▶ _Your objective_: Write each line again exactly as it is, from the opening line of the records below through the one containing "x = frac (c1", and add nothing.
Segment Start: Data for processing
lemma cet3_flip1_emeasure_image:
  assumes cet: "cet3_flip1 T a1 a2" and B: "B \<in> sets lborel" and "B \<subseteq> cet_dom a1 a2"
  shows "T ` B \<in> sets lborel \<and> emeasure lborel (T ` B) = emeasure lborel B"
proof -
  obtain c1 c2 c3 where ord: "0 < a1" "a1 < a2" "a2 < 1" and inj: "inj_on T (cet_dom a1 a2)"
    and T1: "\<And>x. x \<in> {0<..<a1} \<Longrightarrow> T x = frac (c1 - x)"
    and T2: "\<And>x. x \<in> {a1<..<a2} \<Longrightarrow> T x = frac (x + c2)"
    and T3: "\<And>x. x \<in> {a2<..<1} \<Longrightarrow> T x = frac (x + c3)"
    using cet by (rule cet3_flip1E) blast
  define P :: "nat \<Rightarrow> real set" where
    "P i = (case i of 0 \<Rightarrow> {0<..<a1} | Suc 0 \<Rightarrow> {a1<..<a2} | Suc (Suc 0) \<Rightarrow> {a2<..<1} | _ \<Rightarrow> {})"
    for i
  show ?thesis
  proof (rule emeasure_image_pieces[where P = P])
    show "P i \<in> sets lborel" for i unfolding P_def by (simp split: nat.split)
    have mem_P: "x \<in> P i \<Longrightarrow> (i = 0 \<and> x < a1) \<or> (i = 1 \<and> a1 < x \<and> x < a2) \<or> (i = 2 \<and> a2 < x)"
      for i x unfolding P_def by (auto split: nat.splits)
    show "disjoint_family P"
      unfolding disjoint_family_on_def
    proof (intro ballI impI)
      fix i j :: nat assume "i \<noteq> j"
      show "P i \<inter> P j = {}" using mem_P[of _ i] mem_P[of _ j] \<open>i \<noteq> j\<close> ord by fastforce
    qed
    show "B \<subseteq> (\<Union>i. P i)"
    proof
      fix x assume "x \<in> B"
      then have "x \<in> P 0 \<or> x \<in> P (Suc 0) \<or> x \<in> P (Suc (Suc 0))"
        using \<open>B \<subseteq> cet_dom a1 a2\<close> unfolding cet_dom_def P_def by auto
      then show "x \<in> (\<Union>i. P i)" by blast
    qed
    show "inj_on T B" using inj \<open>B \<subseteq> cet_dom a1 a2\<close> by (rule inj_on_subset)
    fix i X assume X: "X \<in> sets lborel" "X \<subseteq> B \<inter> P i"
    then have "X \<subseteq> cet_dom a1 a2" using \<open>B \<subseteq> cet_dom a1 a2\<close> by auto
    have "inj_on T X" using inj \<open>X \<subseteq> cet_dom a1 a2\<close> by (rule inj_on_subset)
    consider "X \<subseteq> {0<..<a1}" | "X \<subseteq> {a1<..<a2}" | "X \<subseteq> {a2<..<1}" | "X = {}"
      using X(2) unfolding P_def by (auto split: nat.splits)
    then show "T ` X \<in> sets lborel \<and> emeasure lborel (T ` X) = emeasure lborel X"
    proof cases
      case 1
      show ?thesis by (rule emeasure_lborel_frac_affine_image[of "-1"]) (use X \<open>inj_on T X\<close> 1 T1 in auto)
    next
      case 2
      show ?thesis by (rule emeasure_lborel_frac_affine_image[of 1]) (use X \<open>inj_on T X\<close> 2 T2 in auto)
    next
      case 3
      show ?thesis by (rule emeasure_lborel_frac_affine_image[of 1]) (use X \<open>inj_on T X\<close> 3 T3 in auto)
    qed simp
  qed (use B in auto)
qed

lemma cet3_flip1_iter_img:
  assumes cet: "cet3_flip1 T a1 a2" and J: "J \<in> sets lborel" "J \<subseteq> {0..<1}"
  shows "iter_img T (cet_dom a1 a2) n J \<in> sets lborel
       \<and> emeasure lborel (iter_img T (cet_dom a1 a2) n J) = emeasure lborel J
       \<and> iter_img T (cet_dom a1 a2) n J \<subseteq> {0..<1}"
proof (induction n)
  case (Suc n)
  let ?F = "iter_img T (cet_dom a1 a2) n J"
  obtain c1 c2 c3 where "0 < a1" "a1 < a2" "a2 < 1" using cet by (rule cet3_flip1E) blast
  then have G_eq: "?F \<inter> cet_dom a1 a2 = ?F - {0, a1, a2}"
    using Suc.IH unfolding cet_dom_def by auto
  have G: "?F \<inter> cet_dom a1 a2 \<in> sets lborel"
    "emeasure lborel (?F \<inter> cet_dom a1 a2) = emeasure lborel J"
    unfolding G_eq using Suc.IH emeasure_Diff_null_set[OF finite_imp_null_set_lborel, of "{0, a1, a2}"]
    by auto
  have "T ` (?F \<inter> cet_dom a1 a2) \<in> sets lborel
      \<and> emeasure lborel (T ` (?F \<inter> cet_dom a1 a2)) = emeasure lborel J"
    using cet3_flip1_emeasure_image[OF cet G(1)] G(2) by auto
  moreover have "T ` (?F \<inter> cet_dom a1 a2) \<subseteq> {0..<1}" using cet3_flip1_range[OF cet] by auto
  ultimately show ?case by (simp add: iter_img_Suc)
qed (use J in simp)

lemma emeasure_disjoint_family_bound:
  assumes "\<And>i. i < K \<Longrightarrow> F i \<in> sets M \<and> F i \<subseteq> S \<and> emeasure M (F i) = c"
    and "disjoint_family_on F {..<K}" and "S \<in> sets M"
  shows "of_nat K * c \<le> emeasure M S"
proof -
  have "of_nat K * c = (\<Sum>i<K. emeasure M (F i))" using assms(1) by simp
  also have "\<dots> = emeasure M (\<Union>i<K. F i)"
    by (rule sum_emeasure) (use assms in auto)
  also have "\<dots> \<le> emeasure M S" by (rule emeasure_mono) (use assms in auto)
  finally show ?thesis .
qed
Segment End: Data for processing
▶ _Written solution_:
lemma cet3_flip1_emeasure_image:
  assumes cet: "cet3_flip1 T a1 a2" and B: "B \<in> sets lborel" and "B \<subseteq> cet_dom a1 a2"
  shows "T ` B \<in> sets lborel \<and> emeasure lborel (T ` B) = emeasure lborel B"
proof -
  obtain c1 c2 c3 where ord: "0 < a1" "a1 < a2" "a2 < 1" and inj: "inj_on T (cet_dom a1 a2)"
    and T1: "\<And>x. x \<in> {0<..<a1} \<Longrightarrow> T x = frac (c1 - x)"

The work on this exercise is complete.